Let $P$ be a positive integers. We written: $P=$ $a_1^{x_1}a_2^{x_2}...a_n^{x_n}$ $=b_1^{y_1}b_2^{y_2}...b_k^{y_k}$  where $a_i, b_j$ are integers greater than $1$.

if $\prod_{i=1}^n a_i \le \prod_{j=1}^k b_j $ then

1) $$\prod_{i=1}^n (1-\frac{1}{a_i}) \le \prod_{j=1}^k (1-\frac{1}{b_j}) $$

2) $$\prod_{i=1}^n (1-\frac{1}{a_i})^{x_i} \le \prod_{j=1}^k (1-\frac{1}{b_j})^{y_j} $$

3) $$\frac{\varphi(A)}{A} \le \prod_{i=1}^n (1-\frac{1}{a_i})^{x_i}$$

Where $\varphi(A)$ is the [Euler's totient function](https://en.wikipedia.org/wiki/Euler%27s_totient_function)

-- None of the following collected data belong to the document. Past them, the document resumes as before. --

lemma has_mat_derivative_mult:
  assumes A: "(A has_mat_derivative A') (at x within S)"
    and B: "(B has_mat_derivative B') (at x within S)"
    and dim: "dim_col A' = dim_row B'"
  shows "((\<lambda>t. A t * B t) has_mat_derivative (A' * B x + A x * B')) (at x within S)"
proof -
  let ?n = "dim_row A'" and ?k = "dim_col A'" and ?m = "dim_col B'"
  have cA: "A t \<in> carrier_mat ?n ?k" and cB: "B t \<in> carrier_mat ?k ?m" for t
    using has_mat_derivativeD(1)[OF A] has_mat_derivativeD(1)[OF B] dim by simp_all
  have cA': "A' \<in> carrier_mat ?n ?k" and cB': "B' \<in> carrier_mat ?k ?m"
    using dim by (auto intro: carrier_matI)
  have entry: "((\<lambda>t. (A t * B t) $$ (i,j)) has_vector_derivative (A' * B x + A x * B') $$ (i,j))
      (at x within S)" if ij: "i < ?n" "j < ?m" for i j
  proof -
    have "((\<lambda>t. \<Sum>l<?k. A t $$ (i,l) * B t $$ (l,j)) has_vector_derivative
        (\<Sum>l<?k. A x $$ (i,l) * B' $$ (l,j) + A' $$ (i,l) * B x $$ (l,j))) (at x within S)"
    proof (rule has_vector_derivative_sum)
      fix l
      assume "l \<in> {..<?k}"
      then show "((\<lambda>t. A t $$ (i,l) * B t $$ (l,j)) has_vector_derivative
          A x $$ (i,l) * B' $$ (l,j) + A' $$ (i,l) * B x $$ (l,j)) (at x within S)"
        using ij dim by (intro has_vector_derivative_mult has_mat_derivativeD(2)[OF A]
            has_mat_derivativeD(2)[OF B]) simp_all
    qed
    moreover have "(\<Sum>l<?k. A x $$ (i,l) * B' $$ (l,j) + A' $$ (i,l) * B x $$ (l,j))
        = (A' * B x + A x * B') $$ (i,j)"
    proof -
      have "(A' * B x + A x * B') $$ (i,j) = (A' * B x) $$ (i,j) + (A x * B') $$ (i,j)"
        using ij carrier_matD[OF cA[of x]] carrier_matD[OF cB'] by (intro index_add_mat(1)) simp_all
      then show ?thesis
        unfolding index_mult_mat_sum[OF cA' cB[of x] ij] index_mult_mat_sum[OF cA[of x] cB' ij]
        by (simp only: sum.distrib add.commute)
    qed
    moreover have "(A t * B t) $$ (i,j) = (\<Sum>l<?k. A t $$ (i,l) * B t $$ (l,j))" for t
      by (rule index_mult_mat_sum[OF cA cB ij])
    ultimately show ?thesis
      by simp
  qed
  have "dim_row (A' * B x + A x * B') = ?n" "dim_col (A' * B x + A x * B') = ?m"
    using carrier_matD[OF cA[of x]] carrier_matD[OF cB'] by simp_all
  then show ?thesis
    using entry mult_carrier_mat[OF cA cB] by (simp add: has_mat_derivative_def)
qed

lemma has_mat_derivative_adj:
  assumes "(A has_mat_derivative A') (at x within S)"
  shows "((\<lambda>t. adj (A t)) has_mat_derivative adj A') (at x within S)"
proof -
  have entry: "((\<lambda>t. adj (A t) $$ (i,j)) has_vector_derivative adj A' $$ (i,j)) (at x within S)"
    if ij: "i < dim_col A'" "j < dim_row A'" for i j
  proof -
    have "adj (A t) $$ (i,j) = cnj (A t $$ (j,i))" for t
      using ij carrier_matD[OF has_mat_derivativeD(1)[OF assms, of t]] by simp
    then show ?thesis
      using has_vector_derivative_cnj[OF has_mat_derivativeD(2)[OF assms ij(2,1)]] ij by simp
  qed
  show ?thesis
    unfolding has_mat_derivative_def
    using adj_carrier[OF has_mat_derivativeD(1)[OF assms]] entry by simp
qed

lemma has_mat_derivative_tr_mult:
  assumes "(A has_mat_derivative A') F" "P \<in> carrier_mat (dim_col A') (dim_row A')"
  shows "((\<lambda>t. tr (A t * P)) has_vector_derivative tr (A' * P)) F"
proof -
  let ?n = "dim_row A'" and ?m = "dim_col A'"
  have "((\<lambda>t. \<Sum>i<?n. \<Sum>j<?m. A t $$ (i,j) * P $$ (j,i)) has_vector_derivative
      (\<Sum>i<?n. \<Sum>j<?m. A' $$ (i,j) * P $$ (j,i))) F"
    by (intro has_vector_derivative_sum has_vector_derivative_mult_left
        has_mat_derivativeD(2)[OF assms(1)]) auto
  moreover have "tr (A t * P) = (\<Sum>i<?n. \<Sum>j<?m. A t $$ (i,j) * P $$ (j,i))" for t
    by (rule tr_mult_eq_sum[OF has_mat_derivativeD(1)[OF assms(1)] assms(2)])
  moreover have "tr (A' * P) = (\<Sum>i<?n. \<Sum>j<?m. A' $$ (i,j) * P $$ (j,i))"
    by (rule tr_mult_eq_sum[OF carrier_mat_triv assms(2)])
  ultimately show ?thesis
    by simp
qed

lemma norm_power_mat_entry_le:
  fixes H :: "complex mat"
  assumes H: "H \<in> carrier_mat N N" and "i < N" "j < N"
  shows "cmod ((H ^\<^sub>m k) $$ (i,j)) \<le> (\<Sum>i<N. \<Sum>j<N. cmod (H $$ (i,j))) ^ k"
proof -
  define S where "S = (\<Sum>i<N. \<Sum>j<N. cmod (H $$ (i,j)))"
  have col: "(\<Sum>l<N. cmod (H $$ (l,j))) \<le> S" if "j < N" for j
    unfolding S_def using that by (intro sum_mono member_le_sum) auto
  have "cmod ((H ^\<^sub>m k) $$ (i,j)) \<le> S ^ k"
    using assms(3)
  proof (induct k arbitrary: j)
    case 0
    then show ?case
      using H assms(2) by simp
  next
    case (Suc k)
    have "cmod ((H ^\<^sub>m Suc k) $$ (i,j)) = cmod (\<Sum>l<N. (H ^\<^sub>m k) $$ (i,l) * H $$ (l,j))"
      using index_mult_mat_sum[OF pow_carrier_mat[OF H] H assms(2) Suc.prems] by simp
    also have "\<dots> \<le> (\<Sum>l<N. S ^ k * cmod (H $$ (l,j)))"
      using Suc.hyps by (intro order.trans[OF norm_sum] sum_mono) (simp add: norm_mult mult_right_mono)
    also have "\<dots> \<le> S ^ k * S"
      using col[OF Suc.prems] by (simp add: sum_distrib_left[symmetric] S_def sum_nonneg mult_left_mono)
    finally show ?case
      by (simp add: mult.commute)
  qed
  then show ?thesis
    unfolding S_def .
qed

lemma pow_smult_mat:
  fixes H :: "'a::comm_ring_1 mat"
  shows "H \<in> carrier_mat N N \<Longrightarrow> (c \<cdot>\<^sub>m H) ^\<^sub>m k = c ^ k \<cdot>\<^sub>m (H ^\<^sub>m k)"
proof (induct k)
  case 0
  then show ?case
    by (intro eq_matI) auto
next
  case (Suc k)
  have Hk: "H ^\<^sub>m k \<in> carrier_mat N N"
    using Suc.prems by simp
  have "(c \<cdot>\<^sub>m H) ^\<^sub>m Suc k = (c ^ k \<cdot>\<^sub>m H ^\<^sub>m k) * (c \<cdot>\<^sub>m H)"
    using Suc by simp
  also have "\<dots> = c ^ k \<cdot>\<^sub>m (c \<cdot>\<^sub>m (H ^\<^sub>m k * H))"
    by (simp add: mult_smult_assoc_mat[OF Hk smult_carrier_mat[OF Suc.prems]]
        mult_smult_distrib[OF Hk Suc.prems])
  also have "\<dots> = c ^ Suc k \<cdot>\<^sub>m (H ^\<^sub>m Suc k)"
    by (intro eq_matI) auto
  finally show ?case .
qed

definition mat_exp_entry :: "complex mat \<Rightarrow> nat \<Rightarrow> nat \<Rightarrow> complex \<Rightarrow> complex" where
  "mat_exp_entry H i j z = (\<Sum>k. (H ^\<^sub>m k) $$ (i,j) / of_nat (fact k) * z ^ k)"

lemma summable_mat_exp_entry:
  fixes H :: "complex mat"
  assumes "H \<in> carrier_mat N N" "i < N" "j < N"
  shows "summable (\<lambda>k. (H ^\<^sub>m k) $$ (i,j) / of_nat (fact k) * z ^ k)"
proof -
  let ?S = "\<Sum>i<N. \<Sum>j<N. cmod (H $$ (i,j))"
  have "norm ((H ^\<^sub>m k) $$ (i,j) / of_nat (fact k) * z ^ k) \<le> inverse (fact k) * (?S * cmod z) ^ k"
    for k
  proof -
    have "norm ((H ^\<^sub>m k) $$ (i,j) / of_nat (fact k) * z ^ k) = cmod ((H ^\<^sub>m k) $$ (i,j)) * cmod z ^ k / fact k"
      by (simp add: norm_mult norm_divide norm_power)
    also have "\<dots> \<le> ?S ^ k * cmod z ^ k / fact k"
      by (intro divide_right_mono mult_right_mono norm_power_mat_entry_le[OF assms]) auto
    finally show ?thesis
      by (simp add: power_mult_distrib field_simps)
  qed
  then show ?thesis
    by (intro summable_comparison_test[OF _ summable_exp[of "?S * cmod z"]]) auto
qed

lemma mat_exp_entry_0:
  "H \<in> carrier_mat N N \<Longrightarrow> i < N \<Longrightarrow> j < N \<Longrightarrow> mat_exp_entry H i j 0 = (if i = j then 1 else 0)"
  unfolding mat_exp_entry_def by (subst powser_zero) simp

lemma mat_exp_entry_has_field_derivative:
  assumes H: "H \<in> carrier_mat N N" and "i < N" "j < N"
  shows "(mat_exp_entry H i j has_field_derivative H $$ (i,j)) (at 0)"
proof -
  have "(mat_exp_entry H i j has_field_derivative
      (\<Sum>k. diffs (\<lambda>k. (H ^\<^sub>m k) $$ (i,j) / of_nat (fact k)) k * 0 ^ k)) (at 0)"
    unfolding mat_exp_entry_def
    by (rule termdiffs_strong_converges_everywhere) (rule summable_mat_exp_entry[OF assms])
  moreover have "(\<Sum>k. diffs (\<lambda>k. (H ^\<^sub>m k) $$ (i,j) / of_nat (fact k)) k * 0 ^ k) = H $$ (i,j)"
    using H by (subst powser_zero) (simp add: diffs_def)
  ultimately show ?thesis
    by simp
qed

lemma evol_carrier: "H \<in> carrier_mat N N \<Longrightarrow> evol H t \<in> carrier_mat N N"
  unfolding evol_def mat_exp_def by (intro carrier_matI) (simp_all add: carrier_matD)

lemma index_evol:
  assumes "H \<in> carrier_mat N N" "i < N" "j < N"
  shows "evol H t $$ (i,j) = mat_exp_entry H i j (- \<i> * complex_of_real t)"
  using assms by (simp add: evol_def mat_exp_def mat_exp_entry_def pow_smult_mat carrier_matD mult.commute)

lemma evol_0: "H \<in> carrier_mat N N \<Longrightarrow> evol H 0 = 1\<^sub>m N"
  by (intro eq_matI) (simp_all add: index_evol mat_exp_entry_0 carrier_matD[OF evol_carrier])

**Comment:** The answer of Bjørn Kjos-Hanssen is: 

> No, let $b_1,b_2,a_1,a_2$ be $2,6,3,4$. Then $$ (1-1/2)(1-1/6)=5/12
 \not\ge    1/2=(1-1/3)(1-1/4) $$

But I think the asnswer is not counter example. Because $2.6 \le 3.4$ we can write 

$$ (1-1/2)(1-1/6)=5/12
\le  1/2=(1-1/3)(1-1/4) $$.

To clearly I changes the question as follows:

**Version 2:**

Let $P$ be a positive integers. We written: $P=$ $a_1^{x_1}a_2^{x_2}...a_n^{x_n}$ $=b_1^{y_1}b_2^{y_2}...b_k^{y_k}$  where $a_i, b_j$ are integers greater than $1$.

> if $\prod_{i=1}^n a_i < \prod_{j=1}^k b_j $ and $a_i \le b_j$ then

1) $$\prod_{i=1}^n (1-\frac{1}{a_i}) \le \prod_{j=1}^k (1-\frac{1}{b_j}) $$

2) $$\prod_{i=1}^n (1-\frac{1}{a_i})^{x_i} \le \prod_{j=1}^k (1-\frac{1}{b_j})^{y_j} $$

3) $$\frac{\varphi(A)}{A} \le \prod_{i=1}^n (1-\frac{1}{a_i})$$

Where $\varphi(A)$ is the [Euler's totient function](https://en.wikipedia.org/wiki/Euler%27s_totient_function) of $A$